(Data for this exercise begins)
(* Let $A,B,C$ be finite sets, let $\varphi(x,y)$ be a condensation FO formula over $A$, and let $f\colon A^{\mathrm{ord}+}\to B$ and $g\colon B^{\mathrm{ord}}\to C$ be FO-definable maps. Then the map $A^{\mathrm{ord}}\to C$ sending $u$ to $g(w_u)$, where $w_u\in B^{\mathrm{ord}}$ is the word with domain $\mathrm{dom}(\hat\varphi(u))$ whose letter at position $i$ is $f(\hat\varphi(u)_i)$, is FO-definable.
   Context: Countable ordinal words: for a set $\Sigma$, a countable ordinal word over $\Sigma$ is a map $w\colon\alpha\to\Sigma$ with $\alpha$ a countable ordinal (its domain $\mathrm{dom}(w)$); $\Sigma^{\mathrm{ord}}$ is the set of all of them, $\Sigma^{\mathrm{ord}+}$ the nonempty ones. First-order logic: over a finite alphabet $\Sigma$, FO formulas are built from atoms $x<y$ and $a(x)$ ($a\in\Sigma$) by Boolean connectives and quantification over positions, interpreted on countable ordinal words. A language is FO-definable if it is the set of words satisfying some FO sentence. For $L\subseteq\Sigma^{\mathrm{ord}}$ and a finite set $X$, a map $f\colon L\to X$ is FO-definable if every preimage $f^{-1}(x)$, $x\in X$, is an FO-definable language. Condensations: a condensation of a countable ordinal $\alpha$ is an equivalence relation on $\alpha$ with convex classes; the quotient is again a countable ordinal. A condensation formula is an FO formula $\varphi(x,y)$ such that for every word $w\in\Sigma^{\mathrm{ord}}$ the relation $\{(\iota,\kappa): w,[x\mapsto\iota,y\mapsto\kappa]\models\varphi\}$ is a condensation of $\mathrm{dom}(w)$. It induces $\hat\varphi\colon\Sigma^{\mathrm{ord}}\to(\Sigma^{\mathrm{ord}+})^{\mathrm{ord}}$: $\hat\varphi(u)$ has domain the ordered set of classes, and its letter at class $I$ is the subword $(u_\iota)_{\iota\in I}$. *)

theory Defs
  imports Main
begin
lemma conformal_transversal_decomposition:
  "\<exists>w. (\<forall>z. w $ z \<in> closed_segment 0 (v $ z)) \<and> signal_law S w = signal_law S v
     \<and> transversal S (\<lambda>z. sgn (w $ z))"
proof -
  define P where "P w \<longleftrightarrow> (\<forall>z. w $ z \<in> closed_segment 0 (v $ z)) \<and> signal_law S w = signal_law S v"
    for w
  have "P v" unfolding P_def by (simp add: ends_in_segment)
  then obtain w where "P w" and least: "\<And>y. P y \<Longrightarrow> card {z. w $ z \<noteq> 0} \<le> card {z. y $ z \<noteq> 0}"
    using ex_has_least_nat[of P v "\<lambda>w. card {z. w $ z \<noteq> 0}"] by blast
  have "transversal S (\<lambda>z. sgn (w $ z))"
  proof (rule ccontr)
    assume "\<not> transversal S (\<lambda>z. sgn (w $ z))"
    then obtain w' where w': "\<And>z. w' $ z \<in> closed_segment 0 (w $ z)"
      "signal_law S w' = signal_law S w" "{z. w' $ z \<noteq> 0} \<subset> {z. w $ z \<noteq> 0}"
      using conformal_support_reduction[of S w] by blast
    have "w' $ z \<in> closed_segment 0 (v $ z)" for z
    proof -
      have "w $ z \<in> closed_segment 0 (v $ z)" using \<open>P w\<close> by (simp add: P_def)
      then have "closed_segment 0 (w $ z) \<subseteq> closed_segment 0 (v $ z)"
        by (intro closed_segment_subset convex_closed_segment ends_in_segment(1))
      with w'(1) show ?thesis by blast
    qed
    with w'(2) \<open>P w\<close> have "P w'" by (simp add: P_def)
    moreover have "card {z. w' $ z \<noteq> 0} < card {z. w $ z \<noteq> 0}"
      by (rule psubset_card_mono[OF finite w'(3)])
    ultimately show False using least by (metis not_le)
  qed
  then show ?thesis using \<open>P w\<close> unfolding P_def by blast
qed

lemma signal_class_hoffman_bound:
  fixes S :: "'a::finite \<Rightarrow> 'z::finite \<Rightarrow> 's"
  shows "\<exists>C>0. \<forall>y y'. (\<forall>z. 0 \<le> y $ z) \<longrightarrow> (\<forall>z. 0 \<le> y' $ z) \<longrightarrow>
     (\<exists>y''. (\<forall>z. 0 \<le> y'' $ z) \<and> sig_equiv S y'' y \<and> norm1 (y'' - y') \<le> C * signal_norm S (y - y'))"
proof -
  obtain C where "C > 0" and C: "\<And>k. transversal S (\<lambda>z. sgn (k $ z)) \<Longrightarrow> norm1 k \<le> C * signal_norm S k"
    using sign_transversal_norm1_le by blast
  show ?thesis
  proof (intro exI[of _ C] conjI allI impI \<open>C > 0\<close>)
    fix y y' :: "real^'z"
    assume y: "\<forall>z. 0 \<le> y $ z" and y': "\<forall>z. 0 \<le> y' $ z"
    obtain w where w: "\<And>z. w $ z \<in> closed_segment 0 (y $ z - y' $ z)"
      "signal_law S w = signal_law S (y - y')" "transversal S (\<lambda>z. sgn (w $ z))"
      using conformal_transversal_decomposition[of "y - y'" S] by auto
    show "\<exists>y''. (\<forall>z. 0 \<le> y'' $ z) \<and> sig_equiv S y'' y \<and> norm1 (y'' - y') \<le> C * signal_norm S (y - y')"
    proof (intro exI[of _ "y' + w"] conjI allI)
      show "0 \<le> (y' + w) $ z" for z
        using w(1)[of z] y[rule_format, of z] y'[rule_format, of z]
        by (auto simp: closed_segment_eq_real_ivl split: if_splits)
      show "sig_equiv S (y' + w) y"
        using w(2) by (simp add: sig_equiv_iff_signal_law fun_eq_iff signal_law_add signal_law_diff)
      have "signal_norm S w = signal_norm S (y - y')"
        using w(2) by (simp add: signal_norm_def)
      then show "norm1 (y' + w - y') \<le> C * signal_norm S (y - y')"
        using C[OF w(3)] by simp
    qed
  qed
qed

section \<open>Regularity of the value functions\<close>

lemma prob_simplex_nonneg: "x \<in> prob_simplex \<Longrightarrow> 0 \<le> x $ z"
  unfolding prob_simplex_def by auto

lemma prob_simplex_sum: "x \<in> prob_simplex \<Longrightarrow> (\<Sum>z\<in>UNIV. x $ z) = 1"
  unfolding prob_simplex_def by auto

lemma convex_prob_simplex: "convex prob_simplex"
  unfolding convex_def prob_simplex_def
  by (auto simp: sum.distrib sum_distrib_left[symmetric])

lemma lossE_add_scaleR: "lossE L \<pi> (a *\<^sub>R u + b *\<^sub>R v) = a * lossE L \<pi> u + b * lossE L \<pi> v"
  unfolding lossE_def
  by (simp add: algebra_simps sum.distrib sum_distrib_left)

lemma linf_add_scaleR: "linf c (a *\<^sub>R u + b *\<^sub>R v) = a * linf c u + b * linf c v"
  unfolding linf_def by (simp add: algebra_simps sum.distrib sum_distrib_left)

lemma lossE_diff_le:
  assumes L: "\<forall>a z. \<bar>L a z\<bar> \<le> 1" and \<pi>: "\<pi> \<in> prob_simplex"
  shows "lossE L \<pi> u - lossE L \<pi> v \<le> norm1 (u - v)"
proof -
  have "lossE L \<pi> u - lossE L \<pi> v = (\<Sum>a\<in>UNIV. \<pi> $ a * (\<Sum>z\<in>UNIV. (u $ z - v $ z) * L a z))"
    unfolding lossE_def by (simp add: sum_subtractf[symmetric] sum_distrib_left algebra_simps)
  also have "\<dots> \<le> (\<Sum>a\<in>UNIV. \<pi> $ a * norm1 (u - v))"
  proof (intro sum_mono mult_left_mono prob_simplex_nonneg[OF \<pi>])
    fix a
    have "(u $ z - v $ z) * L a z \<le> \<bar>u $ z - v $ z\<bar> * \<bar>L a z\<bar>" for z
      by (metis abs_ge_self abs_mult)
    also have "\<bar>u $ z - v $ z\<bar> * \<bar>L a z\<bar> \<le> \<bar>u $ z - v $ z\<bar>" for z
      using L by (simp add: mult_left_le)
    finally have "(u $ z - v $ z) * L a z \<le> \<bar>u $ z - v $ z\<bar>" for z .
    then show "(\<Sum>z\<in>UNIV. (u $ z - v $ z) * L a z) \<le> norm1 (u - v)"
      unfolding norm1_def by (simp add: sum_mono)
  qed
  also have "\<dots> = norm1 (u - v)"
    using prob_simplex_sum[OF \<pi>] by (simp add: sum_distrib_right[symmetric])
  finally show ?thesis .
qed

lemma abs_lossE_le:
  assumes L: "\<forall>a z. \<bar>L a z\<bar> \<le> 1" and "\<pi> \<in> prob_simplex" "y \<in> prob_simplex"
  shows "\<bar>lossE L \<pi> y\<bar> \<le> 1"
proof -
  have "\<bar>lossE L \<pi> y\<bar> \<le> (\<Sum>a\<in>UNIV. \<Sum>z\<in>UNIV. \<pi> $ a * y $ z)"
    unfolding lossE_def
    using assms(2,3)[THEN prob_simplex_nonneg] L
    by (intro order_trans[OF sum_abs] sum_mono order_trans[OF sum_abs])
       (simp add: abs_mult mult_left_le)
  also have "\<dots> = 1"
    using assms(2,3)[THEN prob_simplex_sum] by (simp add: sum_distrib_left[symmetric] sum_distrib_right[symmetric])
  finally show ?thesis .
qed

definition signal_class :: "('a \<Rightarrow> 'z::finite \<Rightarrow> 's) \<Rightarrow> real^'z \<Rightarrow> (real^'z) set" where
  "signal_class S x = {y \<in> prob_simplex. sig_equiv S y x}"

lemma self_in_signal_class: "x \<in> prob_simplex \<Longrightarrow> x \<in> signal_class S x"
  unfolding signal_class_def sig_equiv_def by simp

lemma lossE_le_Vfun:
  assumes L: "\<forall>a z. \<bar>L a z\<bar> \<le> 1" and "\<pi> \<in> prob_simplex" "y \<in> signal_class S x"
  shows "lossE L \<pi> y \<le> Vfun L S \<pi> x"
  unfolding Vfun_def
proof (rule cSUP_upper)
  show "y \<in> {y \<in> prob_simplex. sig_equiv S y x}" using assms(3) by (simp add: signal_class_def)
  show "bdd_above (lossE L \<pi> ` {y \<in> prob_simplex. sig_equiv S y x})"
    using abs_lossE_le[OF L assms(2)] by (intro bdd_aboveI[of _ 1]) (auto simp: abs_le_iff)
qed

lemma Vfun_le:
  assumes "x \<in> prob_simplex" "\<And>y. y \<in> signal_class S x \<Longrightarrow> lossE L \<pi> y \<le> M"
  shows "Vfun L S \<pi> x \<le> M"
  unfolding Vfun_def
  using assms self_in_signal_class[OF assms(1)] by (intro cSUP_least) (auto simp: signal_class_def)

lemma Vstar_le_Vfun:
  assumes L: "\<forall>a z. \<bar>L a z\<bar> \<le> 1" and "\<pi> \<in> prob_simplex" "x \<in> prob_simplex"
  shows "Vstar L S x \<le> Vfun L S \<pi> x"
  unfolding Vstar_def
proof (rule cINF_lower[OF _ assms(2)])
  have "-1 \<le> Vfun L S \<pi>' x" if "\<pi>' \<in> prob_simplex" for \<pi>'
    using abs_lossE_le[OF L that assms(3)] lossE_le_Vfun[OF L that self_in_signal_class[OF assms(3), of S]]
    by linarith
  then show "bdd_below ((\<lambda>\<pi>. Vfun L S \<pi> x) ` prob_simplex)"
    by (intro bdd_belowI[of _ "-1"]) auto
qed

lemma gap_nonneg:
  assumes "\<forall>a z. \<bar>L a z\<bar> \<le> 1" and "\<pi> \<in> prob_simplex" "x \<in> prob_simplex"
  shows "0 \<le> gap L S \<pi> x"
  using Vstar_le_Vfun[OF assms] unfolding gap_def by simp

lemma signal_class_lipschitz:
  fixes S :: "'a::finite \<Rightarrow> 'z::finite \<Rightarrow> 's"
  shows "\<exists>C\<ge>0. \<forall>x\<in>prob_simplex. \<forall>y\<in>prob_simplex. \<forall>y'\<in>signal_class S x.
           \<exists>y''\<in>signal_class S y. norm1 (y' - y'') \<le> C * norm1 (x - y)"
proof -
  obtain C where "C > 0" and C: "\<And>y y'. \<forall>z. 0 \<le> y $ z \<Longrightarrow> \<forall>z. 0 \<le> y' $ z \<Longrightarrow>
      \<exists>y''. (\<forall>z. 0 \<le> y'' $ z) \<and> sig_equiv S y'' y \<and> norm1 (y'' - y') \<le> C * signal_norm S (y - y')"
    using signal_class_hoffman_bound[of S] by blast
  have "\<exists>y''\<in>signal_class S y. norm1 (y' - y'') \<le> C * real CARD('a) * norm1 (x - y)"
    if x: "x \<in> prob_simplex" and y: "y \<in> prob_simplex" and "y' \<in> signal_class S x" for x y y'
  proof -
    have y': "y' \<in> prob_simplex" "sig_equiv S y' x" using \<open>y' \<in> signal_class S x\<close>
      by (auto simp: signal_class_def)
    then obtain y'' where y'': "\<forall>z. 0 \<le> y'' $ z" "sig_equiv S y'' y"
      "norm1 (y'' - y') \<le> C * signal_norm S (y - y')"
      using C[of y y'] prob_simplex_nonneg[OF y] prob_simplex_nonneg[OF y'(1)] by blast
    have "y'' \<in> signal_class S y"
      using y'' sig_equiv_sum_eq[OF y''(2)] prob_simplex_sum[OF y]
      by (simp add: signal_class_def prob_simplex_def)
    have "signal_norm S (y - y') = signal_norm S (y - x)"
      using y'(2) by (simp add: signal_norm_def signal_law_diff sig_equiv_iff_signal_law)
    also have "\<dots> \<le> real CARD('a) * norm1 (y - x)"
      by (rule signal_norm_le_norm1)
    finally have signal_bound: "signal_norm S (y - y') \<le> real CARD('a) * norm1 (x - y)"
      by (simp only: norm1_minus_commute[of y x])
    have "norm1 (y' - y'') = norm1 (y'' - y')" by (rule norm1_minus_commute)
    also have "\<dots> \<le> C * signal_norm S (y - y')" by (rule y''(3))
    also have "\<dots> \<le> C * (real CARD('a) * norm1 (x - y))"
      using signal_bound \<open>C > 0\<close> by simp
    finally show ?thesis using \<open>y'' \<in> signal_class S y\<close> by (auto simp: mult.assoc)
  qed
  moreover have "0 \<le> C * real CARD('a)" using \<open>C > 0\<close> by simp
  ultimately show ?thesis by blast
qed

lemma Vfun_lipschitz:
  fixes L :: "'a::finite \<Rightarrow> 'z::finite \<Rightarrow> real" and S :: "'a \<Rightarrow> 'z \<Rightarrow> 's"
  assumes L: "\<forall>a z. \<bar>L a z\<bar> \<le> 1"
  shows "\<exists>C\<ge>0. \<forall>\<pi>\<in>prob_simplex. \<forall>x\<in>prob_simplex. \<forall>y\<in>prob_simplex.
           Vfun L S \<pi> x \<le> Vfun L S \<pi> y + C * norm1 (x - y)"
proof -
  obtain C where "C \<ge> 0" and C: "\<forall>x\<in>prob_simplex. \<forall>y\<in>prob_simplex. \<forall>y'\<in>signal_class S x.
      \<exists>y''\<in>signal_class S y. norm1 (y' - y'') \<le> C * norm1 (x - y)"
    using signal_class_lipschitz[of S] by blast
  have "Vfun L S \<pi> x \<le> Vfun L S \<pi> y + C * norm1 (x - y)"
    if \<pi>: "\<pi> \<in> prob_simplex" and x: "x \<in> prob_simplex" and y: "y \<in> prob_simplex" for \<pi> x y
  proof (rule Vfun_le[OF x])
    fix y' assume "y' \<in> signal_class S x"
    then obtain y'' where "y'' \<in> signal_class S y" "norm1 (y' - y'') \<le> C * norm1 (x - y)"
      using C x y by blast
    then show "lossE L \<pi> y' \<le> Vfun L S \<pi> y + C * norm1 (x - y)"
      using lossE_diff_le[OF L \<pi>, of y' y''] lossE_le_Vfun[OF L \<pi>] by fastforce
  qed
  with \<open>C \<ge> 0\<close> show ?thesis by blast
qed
(Data for this exercise ends)
» Problem
Go through the entries above and pull out each line with "also" in it.

» Expected answer
  also have "\<dots> \<le> (\<Sum>a\<in>UNIV. \<pi> $ a * norm1 (u - v))"
    also have "\<bar>u $ z - v $ z\<bar> * \<bar>L a z\<bar> \<le> \<bar>u $ z - v $ z\<bar>" for z
  also have "\<dots> = norm1 (u - v)"
  also have "\<dots> = 1"
    also have "\<dots> \<le> real CARD('a) * norm1 (y - x)"
    also have "\<dots> \<le> C * signal_norm S (y - y')" by (rule y''(3))
    also have "\<dots> \<le> C * (real CARD('a) * norm1 (x - y))"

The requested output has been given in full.